The most common use case is running an existing Docker image across your data. Use a Container template to specify the image and command:

from hera.workflows import Container, Parameter, Step, Steps, Workflow

def my_workflow(workflows_service):
    with Workflow(
        workflows_service=workflows_service,
        namespace=workflows_service.namespace,
        generate_name="eo-processing-",
        entrypoint="steps",
    ) as w:
        process = Container(
            name="process",
            image="registry.eodc.eu/my-org/my-processor:latest",
            command=["python", "run.py"],
        )

        with Steps(name="steps"):
            Step(
                name="run-processor",
                template=process,
                arguments=[Parameter(name="input", value="s3://my-bucket/input/")],
            )
    return w

name = service.submit_workflow(
    workflow=my_workflow(service.workflows_service)
)
print(f"Submitted: {name}")
  1. Container(image=..., command=...) — defines the Docker image and entrypoint. The image must be accessible from the eodc container registry or a public registry.

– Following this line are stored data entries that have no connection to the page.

definition words_after :: "nat set \<Rightarrow> nat \<Rightarrow> nat \<Rightarrow> nat \<Rightarrow> nat list set" where
  "words_after X a L j = {t. length t = L \<and> set t \<subseteq> X \<and> repeats (a # t) = j}"

lemma words_after_0: "words_after X a 0 j = (if j = 0 then {[]} else {})"
  by (auto simp: words_after_def)

lemma words_after_Suc:
  "words_after X a (Suc L) j =
     (\<Union>b\<in>X - {a}. Cons b ` words_after X b L j) \<union>
     (if j = 0 \<or> a \<notin> X then {} else Cons a ` words_after X a L (j - 1))"
proof (intro set_eqI iffI)
  fix t assume t: "t \<in> words_after X a (Suc L) j"
  then obtain b u where "t = b # u"
    by (cases t) (auto simp: words_after_def)
  with t show "t \<in> (\<Union>b\<in>X - {a}. Cons b ` words_after X b L j) \<union>
      (if j = 0 \<or> a \<notin> X then {} else Cons a ` words_after X a L (j - 1))"
    by (cases "b = a") (auto simp: words_after_def repeats_Cons_Cons)
qed (auto simp: words_after_def repeats_Cons_Cons split: if_splits)

lemma finite_words_after: "finite X \<Longrightarrow> finite (words_after X a L j)"
  by (rule rev_finite_subset[OF finite_lists_length_eq[of X L]]) (auto simp: words_after_def)

lemma card_words_after:
  assumes "finite X" "a \<in> X"
  shows "card (words_after X a L j) = (L choose j) * (card X - 1) ^ (L - j)"
  using assms(2)
proof (induction L arbitrary: a j)
  case 0
  then show ?case by (simp add: words_after_0)
next
  case (Suc L)
  let ?K = "card X - 1"
  have "card (\<Union>b\<in>X - {a}. Cons b ` words_after X b L j)
      = (\<Sum>b\<in>X - {a}. card (Cons b ` words_after X b L j))"
    by (rule card_UN_disjoint) (use assms finite_words_after in auto)
  also have "\<dots> = (\<Sum>b\<in>X - {a}. (L choose j) * ?K ^ (L - j))"
    by (rule sum.cong) (auto simp: card_image Suc.IH)
  also have "\<dots> = (L choose j) * ?K ^ Suc (L - j)"
    using assms Suc.prems by (simp add: card_Diff_singleton)
  finally have other: "card (\<Union>b\<in>X - {a}. Cons b ` words_after X b L j)
      = (L choose j) * ?K ^ Suc (L - j)" .
  show ?case
  proof (cases j)
    case 0
    then show ?thesis using other by (simp add: words_after_Suc Suc.prems)
  next
    case (Suc i)
    have "card (words_after X a (Suc L) j)
        = card (\<Union>b\<in>X - {a}. Cons b ` words_after X b L j) + card (Cons a ` words_after X a L i)"
      unfolding words_after_Suc using Suc Suc.prems assms
      by (simp, intro card_Un_disjoint) (auto intro: finite_words_after)
    also have "\<dots> = (L choose Suc i) * ?K ^ Suc (L - Suc i) + (L choose i) * ?K ^ (L - i)"
      using other Suc Suc.IH[OF Suc.prems] by (simp add: card_image)
    also have "\<dots> = (Suc L choose j) * ?K ^ (Suc L - j)"
      using Suc by (cases "i < L") (auto simp: Suc_diff_Suc binomial_eq_0 not_less le_Suc_eq algebra_simps)
    finally show ?thesis .
  qed
qed
lemma sum_comp_le_sum_sum:
  fixes h :: "'b \<Rightarrow> 'a \<Rightarrow> real"
  assumes "finite Y" "f ` S \<subseteq> Y" "\<And>y a. y \<in> Y \<Longrightarrow> a \<in> S \<Longrightarrow> 0 \<le> h y a"
  shows "(\<Sum>a\<in>S. h (f a) a) \<le> (\<Sum>y\<in>Y. \<Sum>a\<in>S. h y a)"
proof -
  have "(\<Sum>a\<in>S. h (f a) a) \<le> (\<Sum>a\<in>S. \<Sum>y\<in>Y. h y a)"
    using assms by (intro sum_mono member_le_sum) auto
  then show ?thesis
    by (simp add: sum.swap[of _ S])
qed

lemma sum_if_mem_le:
  fixes f :: "'a \<Rightarrow> real"
  assumes "finite A" "finite B" "\<And>b. b \<in> B \<Longrightarrow> 0 \<le> f b"
  shows "(\<Sum>w\<in>A. if w \<in> B then f w else 0) \<le> sum f B"
proof -
  have "(\<Sum>w\<in>A. if w \<in> B then f w else 0) = sum f (A \<inter> B)"
    using assms by (simp add: sum.inter_restrict)
  also have "\<dots> \<le> sum f B"
    using assms by (intro sum_mono2) auto
  finally show ?thesis .
qed

lemma sum_sum_if_eq_mult:
  fixes f g :: "'b \<Rightarrow> real"
  shows "(\<Sum>b1\<in>B. \<Sum>b2\<in>B. if b1 = w then f b1 * g b2 else 0) = (if w \<in> B then f w else 0) * sum g B"
    and "(\<Sum>b1\<in>B. \<Sum>b2\<in>B. if b2 = w then f b1 * g b2 else 0) = sum f B * (if w \<in> B then g w else 0)"
proof -
  have "(if b1 = w then f b1 * g b2 else 0) = (if b1 = w then f b1 else 0) * g b2"
    and "(if b2 = w then f b1 * g b2 else 0) = f b1 * (if b2 = w then g b2 else 0)" for b1 b2
    by simp_all
  then show "(\<Sum>b1\<in>B. \<Sum>b2\<in>B. if b1 = w then f b1 * g b2 else 0) = (if w \<in> B then f w else 0) * sum g B"
    and "(\<Sum>b1\<in>B. \<Sum>b2\<in>B. if b2 = w then f b1 * g b2 else 0) = sum f B * (if w \<in> B then g w else 0)"
    by (simp_all only: sum_product[symmetric]) (cases "finite B"; simp)+
qed

lemma card_preimage_pair_le:
  assumes "inj_on (\<lambda>a. (f a, g a)) S" "finite A" "finite B"
  shows "card {a \<in> S. f a \<in> A \<and> g a \<in> B} \<le> card A * card B"
proof -
  have "card {a \<in> S. f a \<in> A \<and> g a \<in> B} \<le> card (A \<times> B)"
    using assms by (intro card_inj_on_le[where f = "\<lambda>a. (f a, g a)"]) (auto intro: inj_on_subset)
  then show ?thesis
    by (simp add: card_cartesian_product)
qed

  2. generate_name — used as a prefix for the workflow instance name. The full name is returned by submit_workflow.

  3. Step(arguments=[Parameter(...)]) — passes runtime arguments into the container.

  4. service.submit_workflow(...) — submits the workflow to the eodc Argo cluster and returns the workflow name.

Submit a multi-step workflow with parallel steps

For workflows with sequential and parallel stages, use s.parallel() to group steps that run concurrently:

from hera.workflows import Container, Step, Steps, Workflow

def pipeline(workflows_service):
    with Workflow(
        workflows_service=workflows_service,
        namespace=workflows_service.namespace,
        generate_name="pipeline-",
        entrypoint="steps",
    ) as w:
        task = Container(
            name="task",
            image="busybox",
            command=["echo"],
        )

        with Steps(name="steps") as s:
            Step(name="prepare", template=task,
                 arguments=[Parameter(name="message", value="preparing")])
            with s.parallel():
                Step(name="process-a", template=task,
                     arguments=[Parameter(name="message", value="tile-A")])
                Step(name="process-b", template=task,
                     arguments=[Parameter(name="message", value="tile-B")])
            Step(name="merge", template=task,
                 arguments=[Parameter(name="message", value="merging results")])
    return w

name = service.submit_workflow(
    workflow=pipeline(service.workflows_service)
)

Monitor and get logs

After submitting, retrieve logs programmatically:

service.get_logs(name)

To monitor visually, open the Argo dashboard — see Using the dashboard for a walkthrough with screenshots.

Tips

  • Workflows can read from and write to the eodc Object Store — useful for passing data between steps and storing results.

  • For scheduled processing (daily runs, etc.), use Argo’s CronWorkflow resource. Contact support@eodc.eu for help setting one up.

  • For a full tutorial series on Argo Workflows with Hera, see the Argo Workflows SDK notebook.